*EXERCISE BRIEF*
Up to and including the line with "d a b \<phi>", please set down the entries below exactly, starting from the first line.

*Stored items*
== Segment start ==

theorem proposition11:
  fixes T :: "real \<Rightarrow> real" and d :: nat and a b :: "nat \<Rightarrow> real"
    and \<phi> :: "nat \<Rightarrow> complex \<Rightarrow> complex" and r R \<rho> :: real
  assumes setting: "full_branch_setting T d a b \<phi> r R"
    and rho: "r < \<rho>" "\<rho> < R"
  defines "\<gamma> \<equiv> (1 + sqrt 2)\<^sup>2"
  shows "(\<exists>C>0. \<forall>N::nat.
            l2_opnorm (\<lambda>k l. approx_mat T \<rho> N k l - Lmat d \<phi> \<rho> k l)
              \<le> ennreal (C * ((\<gamma> * \<rho> / R) ^ N + (r / \<rho>) ^ N)))
       \<and> (\<gamma> * r < R \<longrightarrow> \<rho> = sqrt (r * R / \<gamma>) \<longrightarrow>
           (\<exists>C'>0. \<forall>N::nat.
              l2_opnorm (\<lambda>k l. approx_mat T \<rho> N k l - Lmat d \<phi> \<rho> k l)
                \<le> ennreal (C' * (\<gamma> * r / R) powr (real N / 2))))"
proof -
  obtain C where C: "C > 0" "\<And>N. l2_opnorm (\<lambda>k l. approx_mat T \<rho> N k l - Lmat d \<phi> \<rho> k l)
      \<le> ennreal (C * ((\<gamma> * \<rho> / R) ^ N + (r / \<rho>) ^ N))"
    using approx_mat_error_bound[OF setting rho] unfolding \<gamma>_def by blast
  moreover have "\<exists>C'>0. \<forall>N::nat. l2_opnorm (\<lambda>k l. approx_mat T \<rho> N k l - Lmat d \<phi> \<rho> k l)
      \<le> ennreal (C' * (\<gamma> * r / R) powr (real N / 2))" if balanced: "\<rho> = sqrt (r * R / \<gamma>)"
  proof -
    have "0 < r" "0 < R" "0 < \<gamma>"
      using full_branch_settingD(1,2)[OF setting] legendre_growth_gt_1 legendre_growth_less
      unfolding \<gamma>_def by auto
    from balanced_radius_rates[OF this balanced] C show ?thesis
      by (intro exI[of _ "2 * C"]) (auto simp: mult_ac)
  qed
  ultimately show ?thesis by blast
qed

end
(* Let $k,l\in\mathbb{N}$, fix norms $\|\cdot\|$ on $\mathbb{R}^k$ and $\mathbb{R}^l$, and identify $\mathbb{E}^{k+l} = [-\infty,\infty]^{k+l}\setminus\{0\}$ with $([-\infty,\infty]^k\times[-\infty,\infty]^l)\setminus\{(0,0)\}$. Every Radon measure $\mu$ on $\mathbb{E}^{k+l}$ is uniquely determined by the values $\mu(f)=\int f\,d\mu$ for $f$ ranging over $\mathcal{F}_1\cup\mathcal{F}_2$, where \[ \mathcal{F}_1 = \{f\in C_K(\mathbb{E}^{k+l}) \mid \exists u\in(0,\infty): \|y_1\|\le u \Rightarrow f(y_1,y_2)=0\}, \] \[ \mathcal{F}_2 = \{f\in C_K(\mathbb{E}^{k+l}) \mid f(y_1,y_2)=f(0,y_2) \text{ for all } (y_1,y_2)\}. \]
   Context: A subset of $\mathbb{E}^{k+l}$ is compact iff it is closed in $[-\infty,\infty]^{k+l}$ and does not contain the origin; a Radon measure on $\mathbb{E}^{k+l}$ is a Borel measure finite on compact sets. $C_K(\mathbb{E}^{k+l})$ denotes the continuous real functions with compact support in $\mathbb{E}^{k+l}$. Here $y_1\in[-\infty,\infty]^k$, $y_2\in[-\infty,\infty]^l$ (with the norm extended as $+\infty$ at infinite points). *)

theory Defs
  imports "HOL-Analysis.Analysis" "HOL-Library.Extended_Real"
begin

type_synonym ('k,'l) pt = "(ereal ^ 'k) \<times> (ereal ^ 'l)"

definition Espace :: "('k::finite,'l::finite) pt set" where
  "Espace = UNIV - {(0, 0)}"

definition is_norm :: "(real ^ 'k::finite \<Rightarrow> real) \<Rightarrow> bool" where
  "is_norm N \<longleftrightarrow> (\<forall>x. N x = 0 \<longleftrightarrow> x = 0) \<and> (\<forall>x y. N (x + y) \<le> N x + N y)
     \<and> (\<forall>c x. N (c *\<^sub>R x) = \<bar>c\<bar> * N x)"

definition ext_norm :: "(real ^ 'k::finite \<Rightarrow> real) \<Rightarrow> ereal ^ 'k \<Rightarrow> ereal" where
  "ext_norm N y = (if (\<forall>i. \<bar>y $ i\<bar> \<noteq> \<infinity>) then ereal (N (\<chi> i. real_of_ereal (y $ i))) else \<infinity>)"

text \<open>Compact subsets of E: closed in [-inf,inf]^(k+l) and not containing the origin.\<close>
definition E_compact :: "('k::finite,'l::finite) pt set \<Rightarrow> bool" where
  "E_compact K \<longleftrightarrow> closed K \<and> (0, 0) \<notin> K"

definition radon :: "('k::finite,'l::finite) pt measure \<Rightarrow> bool" where
  "radon M \<longleftrightarrow> space M = Espace \<and> sets M = sets (restrict_space borel Espace)
     \<and> (\<forall>K. E_compact K \<longrightarrow> emeasure M K < \<infinity>)"

text \<open>C_K(E): continuous real functions on E with compact support in E
  (represented as functions on the whole cube, set to 0 at the origin).\<close>
definition CK :: "(('k::finite,'l::finite) pt \<Rightarrow> real) set" where
  "CK = {f. continuous_on Espace f \<and> (\<exists>K. E_compact K \<and> (\<forall>x\<in>Espace - K. f x = 0))
            \<and> (\<forall>x. x \<notin> Espace \<longrightarrow> f x = 0)}"
(* Let $\mathcal{A}=(A,\{\to_{1,\alpha}\}_{\alpha\in I})$ and $\mathcal{B}=(A,\{\to_{2,\beta}\}_{\beta\in I})$ be $I$-indexed ARSs on the same set $A$, and let $>$ be a well-founded order on $I$ having a least element $\bot$. Suppose $\to_{1,\bot}$ and $\to_{2,\bot}$ commute. If every local peak $b\;{}_{1,\alpha}\!\!\leftarrow a\to_{2,\beta} c$ with $(\alpha,\beta)\in I^2\setminus\{(\bot,\bot)\}$ is decreasing, then $\mathcal{A}$ and $\mathcal{B}$ commute.
   Context: An $I$-indexed abstract rewrite system (ARS) is a pair $(A,\{\to_\alpha\}_{\alpha\in I})$ of a set and a family of binary relations on it; $\to_\mathcal{A}$ is the union of all its relations. Relations $\to_1,\to_2$ commute if ${}_1\!\!\leftarrow^*\cdot\to_2^*\;\subseteq\;\to_2^*\cdot{}_1\!\!\leftarrow^*$; ARSs $\mathcal{A},\mathcal{B}$ commute if $\to_\mathcal{A}$ and $\to_\mathcal{B}$ commute. For $\alpha\in I$, $\curlyvee\alpha=\{\gamma\in I\mid\alpha>\gamma\}$ and $\curlyvee\alpha\beta=\curlyvee\alpha\cup\curlyvee\beta$. For $K\subseteq I$, $\leftrightarrow_K$ is the union of ${}_{1,\gamma}\!\!\leftarrow$ and $\to_{2,\gamma}$ over $\gamma\in K$. A local peak $b\;{}_{1,\alpha}\!\!\leftarrow a\to_{2,\beta} c$ is decreasing if $b\leftrightarrow^*_{\curlyvee\alpha}\cdot\to^=_{2,\beta}\cdot\leftrightarrow^*_{\curlyvee\alpha\beta}\cdot{}_{1,\alpha}\!\!\leftarrow^=\cdot\leftrightarrow^*_{\curlyvee\beta} c$, where $\to^=$ denotes the reflexive closure. *)

theory Defs
  imports Main
begin

text \<open>An I-indexed ARS on a carrier type 'a is a family R :: 'i => ('a * 'a) set.
  The order on indices is a relation gt, where (alpha, gamma) : gt means alpha > gamma.\<close>

definition commute :: "('a \<times> 'a) set \<Rightarrow> ('a \<times> 'a) set \<Rightarrow> bool" where
  "commute r1 r2 \<longleftrightarrow> (r1\<inverse>)\<^sup>* O r2\<^sup>* \<subseteq> r2\<^sup>* O (r1\<inverse>)\<^sup>*"

definition union_ars :: "('i \<Rightarrow> ('a \<times> 'a) set) \<Rightarrow> ('a \<times> 'a) set" where
  "union_ars R = (\<Union>\<alpha>. R \<alpha>)"

definition ars_commute :: "('i \<Rightarrow> ('a \<times> 'a) set) \<Rightarrow> ('i \<Rightarrow> ('a \<times> 'a) set) \<Rightarrow> bool" where
  "ars_commute R1 R2 \<longleftrightarrow> commute (union_ars R1) (union_ars R2)"

definition below :: "('i \<times> 'i) set \<Rightarrow> 'i \<Rightarrow> 'i set" where
  "below gt \<alpha> = {\<gamma>. (\<alpha>, \<gamma>) \<in> gt}"

definition below2 :: "('i \<times> 'i) set \<Rightarrow> 'i \<Rightarrow> 'i \<Rightarrow> 'i set" where
  "below2 gt \<alpha> \<beta> = below gt \<alpha> \<union> below gt \<beta>"

definition conv_K :: "('i \<Rightarrow> ('a \<times> 'a) set) \<Rightarrow> ('i \<Rightarrow> ('a \<times> 'a) set) \<Rightarrow> 'i set \<Rightarrow> ('a \<times> 'a) set" where
  "conv_K R1 R2 K = (\<Union>\<gamma>\<in>K. (R1 \<gamma>)\<inverse> \<union> R2 \<gamma>)"

definition decreasing_peak ::
  "('i \<times> 'i) set \<Rightarrow> ('i \<Rightarrow> ('a \<times> 'a) set) \<Rightarrow> ('i \<Rightarrow> ('a \<times> 'a) set) \<Rightarrow> 'i \<Rightarrow> 'i \<Rightarrow> 'a \<Rightarrow> 'a \<Rightarrow> bool" where
  "decreasing_peak gt R1 R2 \<alpha> \<beta> b c \<longleftrightarrow>
     (b, c) \<in> (conv_K R1 R2 (below gt \<alpha>))\<^sup>* O (R2 \<beta>)\<^sup>= O
               (conv_K R1 R2 (below2 gt \<alpha> \<beta>))\<^sup>* O ((R1 \<alpha>)\<inverse>)\<^sup>= O
               (conv_K R1 R2 (below gt \<beta>))\<^sup>*"

end

theory Submission
  imports Defs "HOL-Library.Multiset"
begin
(* Let $L\subset\mathbb{Z}^m$ be a non-zero lattice with $L\cap\mathbb{N}^m=\{\mathbf 0\}$ and $\mathrm{Sat}(L)=\ker_{\mathbb{Z}}(\mathcal{A})$. If $\mathrm{rad}(I_L)=\mathrm{rad}(F_1,\ldots,F_s)$ for some $\mathcal{A}$-homogeneous polynomials $F_1,\ldots,F_s\in I_L$, then $\bigcup_{i=1}^s\Gamma_L(F_i)$ is a spanning subcomplex of $\Gamma_L$, and each $\Gamma_L(F_i)$ is a simplex of $\Gamma_L$.
   Context: $K$ is a field, $\mathbf x^{\mathbf u}=x_1^{u_1}\cdots x_m^{u_m}$, $\mathbf u_\pm$ the positive/negative parts of $\mathbf u$, $I_L=(\mathbf x^{\mathbf u_+}-\mathbf x^{\mathbf u_-}:\mathbf u\in L)\subset K[x_1,\ldots,x_m]$, $\mathrm{Sat}(L)=\{\mathbf u:d\mathbf u\in L\text{ for some nonzero }d\in\mathbb{Z}\}$, $\mathcal{A}=\{\mathbf a_1,\ldots,\mathbf a_m\}\subset\mathbb{Z}^n$, $\ker_{\mathbb{Z}}(\mathcal{A})=\{\mathbf q:\sum q_i\mathbf a_i=0\}$. The $\mathcal{A}$-degree of $\mathbf x^{\mathbf u}$ is $\sum u_i\mathbf a_i$; a polynomial is $\mathcal{A}$-homogeneous if all its monomials have equal $\mathcal{A}$-degree. A monomial $M$ is indispensable of $I_L$ if every system of binomial generators contains a binomial having $M$ as a monomial. $\mathcal{T}_{\min}$: inclusion-minimal supports of indispensable monomials ($\mathrm{supp}(\mathbf x^{\mathbf w})=\{i:w_i\ne0\}$). $\Gamma_L$: simplicial complex on $\mathcal{T}_{\min}$, with $\{E_1,\ldots,E_k\}$ a face iff there are monomials $M_i$, $\mathrm{supp}(M_i)=E_i$, of equal $\mathcal{A}$-degree. $\Gamma_L(F)$: induced subcomplex on those $E\in\mathcal{T}_{\min}$ equal to the support of some monomial occurring in $F$. Spanning subcomplex: one with the same vertex set as $\Gamma_L$. *)

theory Defs
  imports Main "HOL-Library.Poly_Mapping"
begin
lemma Xab_conj_entry:
  assumes "i < 2 * a + b" "k < 2 * a + b"
    and "c = - \<i> * (1 + r) / of_nat b" "r * r + r = 2 * of_nat a * of_nat b" "a \<ge> 1" "b \<ge> 1"
  shows "(\<Sum>m<2 * a + b. Xab_entry a i m * Xab_basis a c m k)
       = (\<Sum>m<2 * a + b. Xab_basis a c i m * Xab_triang a b r c m k)"
  using assms(5,6) Xab_root_identities[OF assms(3,4,6)]
  unfolding sum.lessThan_double_add Xab_entry_def Xab_basis_def Xab_triang_def
  by (cases rule: Xab_index_cases[OF assms(1)]; cases rule: Xab_index_cases[OF assms(2)];
      cases "k + 1 < 2 * a + b";
      auto cong: sum.cong_simp if_cong
        simp: if_zero_mult if_zero_divide_uminus if_if_zero sum_if_ge_const sum_delta_conj
          sum_delta_Suc sum.delta sum.delta' ring_distribs sum.distrib sum_subtractf
          add.assoc add_divide_distrib diff_divide_distrib)

lemma prod_diag_Xab_triang:
  assumes "c = - \<i> * (1 + r) / of_nat b" "a \<ge> 1" "b \<ge> 1"
  shows "(\<Prod>i<2 * a + b. [:- Xab_triang a b r c i i, 1:])
       = [:-r, 1:] * [:-1, 1:] ^ a * [:0, 1:] ^ (b - 1) * [:1, 1:] ^ (a - 1) * [:1 + r, 1:]"
proof -
  obtain a' where a': "a = Suc a'" using assms(2) by (cases a) auto
  obtain b' where b': "b = Suc b'" using assms(3) by (cases b) auto
  have first_y: "Xab_triang a b r c a a = r"
    using assms(2) by (simp add: Xab_triang_def)
  have "Xab_triang a b r c (2 * a + b') (2 * a + b') = - \<i> * c * of_nat b"
    using a' b' by (simp add: Xab_triang_def)
  also have "\<dots> = - (1 + r)"
    unfolding assms(1) using assms(3) by (simp add: field_simps)
  finally have last_z: "Xab_triang a b r c (2 * a + b') (2 * a + b') = - (1 + r)" .
  have x_block: "(\<Prod>j<a. [:- Xab_triang a b r c j j, 1:]) = [:-1, 1:] ^ a"
    by (simp add: Xab_triang_def)
  have y_block: "(\<Prod>j<a. [:- Xab_triang a b r c (a + j) (a + j), 1:]) = [:-r, 1:] * [:1, 1:] ^ a'"
    unfolding a' prod.lessThan_Suc_shift using first_y by (simp add: Xab_triang_def a')
  have z_block: "(\<Prod>l<b. [:- Xab_triang a b r c (2 * a + l) (2 * a + l), 1:]) = [:0, 1:] ^ b' * [:1 + r, 1:]"
    unfolding b' prod.lessThan_Suc using last_z b' by (simp add: Xab_triang_def add.commute)
  have "a - 1 = a'" "b - 1 = b'" using a' b' by simp_all
  then show ?thesis
    unfolding prod.lessThan_double_add x_block y_block z_block by (simp only: mult_ac)
qed
(* Let $x_1,\dots,x_n\in\mathbb{R}^d\setminus\{0\}$, and fix $\beta>0$ and $b>0$. The function $g:\mathbb{P}_d\to\mathbb{R}_{++}$ defined by $g(\Sigma)=\sum_{i=1}^n\left(\frac{x_i^\top\Sigma^{-1}x_i}{b}\right)^{\beta}$ is Euclidean convex and geodesically convex on $\mathbb{P}_d$.
   Context: $\mathbb{P}_d$ denotes the set of real symmetric $d\times d$ positive definite matrices, equipped with the affine-invariant Riemannian metric $\langle U,V\rangle_X=\operatorname{tr}(X^{-1}UX^{-1}V)$, whose geodesic from $A$ to $B$ is $\gamma(t)=A^{1/2}(A^{-1/2}BA^{-1/2})^tA^{1/2}$, $t\in[0,1]$. Geodesically convex means $t\mapsto g(\gamma(t))$ is convex on $[0,1]$ for every such geodesic; Euclidean convex means convex in the usual sense on the convex set $\mathbb{P}_d$. *)

theory Defs
  imports "HOL-Analysis.Analysis"
begin

definition spd :: "real^'d^'d \<Rightarrow> bool" where
  "spd A \<longleftrightarrow> transpose A = A \<and> (\<forall>v. v \<noteq> 0 \<longrightarrow> v \<bullet> (A *v v) > 0)"

definition PD :: "(real^'d^'d) set" where
  "PD = {A. spd A}"

definition diag_mat :: "('d \<Rightarrow> real) \<Rightarrow> real^'d^'d" where
  "diag_mat l = (\<chi> i j. if i = j then l i else 0)"

text \<open>Real power A^t of an SPD matrix via its spectral decomposition
  A = U diag(l) U^T (U orthogonal, l > 0): A^t = U diag(l^t) U^T.
  (Well defined since the decomposition exists and the result is independent of it.)\<close>
definition mpow :: "real^'d^'d \<Rightarrow> real \<Rightarrow> real^'d^'d" where
  "mpow A t = (SOME B. \<exists>U l. orthogonal_matrix U \<and> (\<forall>i. l i > 0) \<and>
      A = U ** diag_mat l ** transpose U \<and>
      B = U ** diag_mat (\<lambda>i. l i powr t) ** transpose U)"

text \<open>Affine-invariant geodesic from A to B:
  gamma(t) = A^(1/2) (A^(-1/2) B A^(-1/2))^t A^(1/2).\<close>
definition geod :: "real^'d^'d \<Rightarrow> real^'d^'d \<Rightarrow> real \<Rightarrow> real^'d^'d" where
  "geod A B t = mpow A (1/2) ** mpow (mpow A (-1/2) ** B ** mpow A (-1/2)) t ** mpow A (1/2)"

definition geodesically_convex :: "(real^'d^'d \<Rightarrow> real) \<Rightarrow> bool" where
  "geodesically_convex g \<longleftrightarrow>
     (\<forall>A B. spd A \<longrightarrow> spd B \<longrightarrow> convex_on {0..1} (\<lambda>t. g (geod A B t)))"

end

theory Submission
  imports Defs
begin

== Segment end ==

*PROBLEM SOLUTION*
theorem proposition11:
  fixes T :: "real \<Rightarrow> real" and d :: nat and a b :: "nat \<Rightarrow> real"
    and \<phi> :: "nat \<Rightarrow> complex \<Rightarrow> complex" and r R \<rho> :: real
  assumes setting: "full_branch_setting T d a b \<phi> r R"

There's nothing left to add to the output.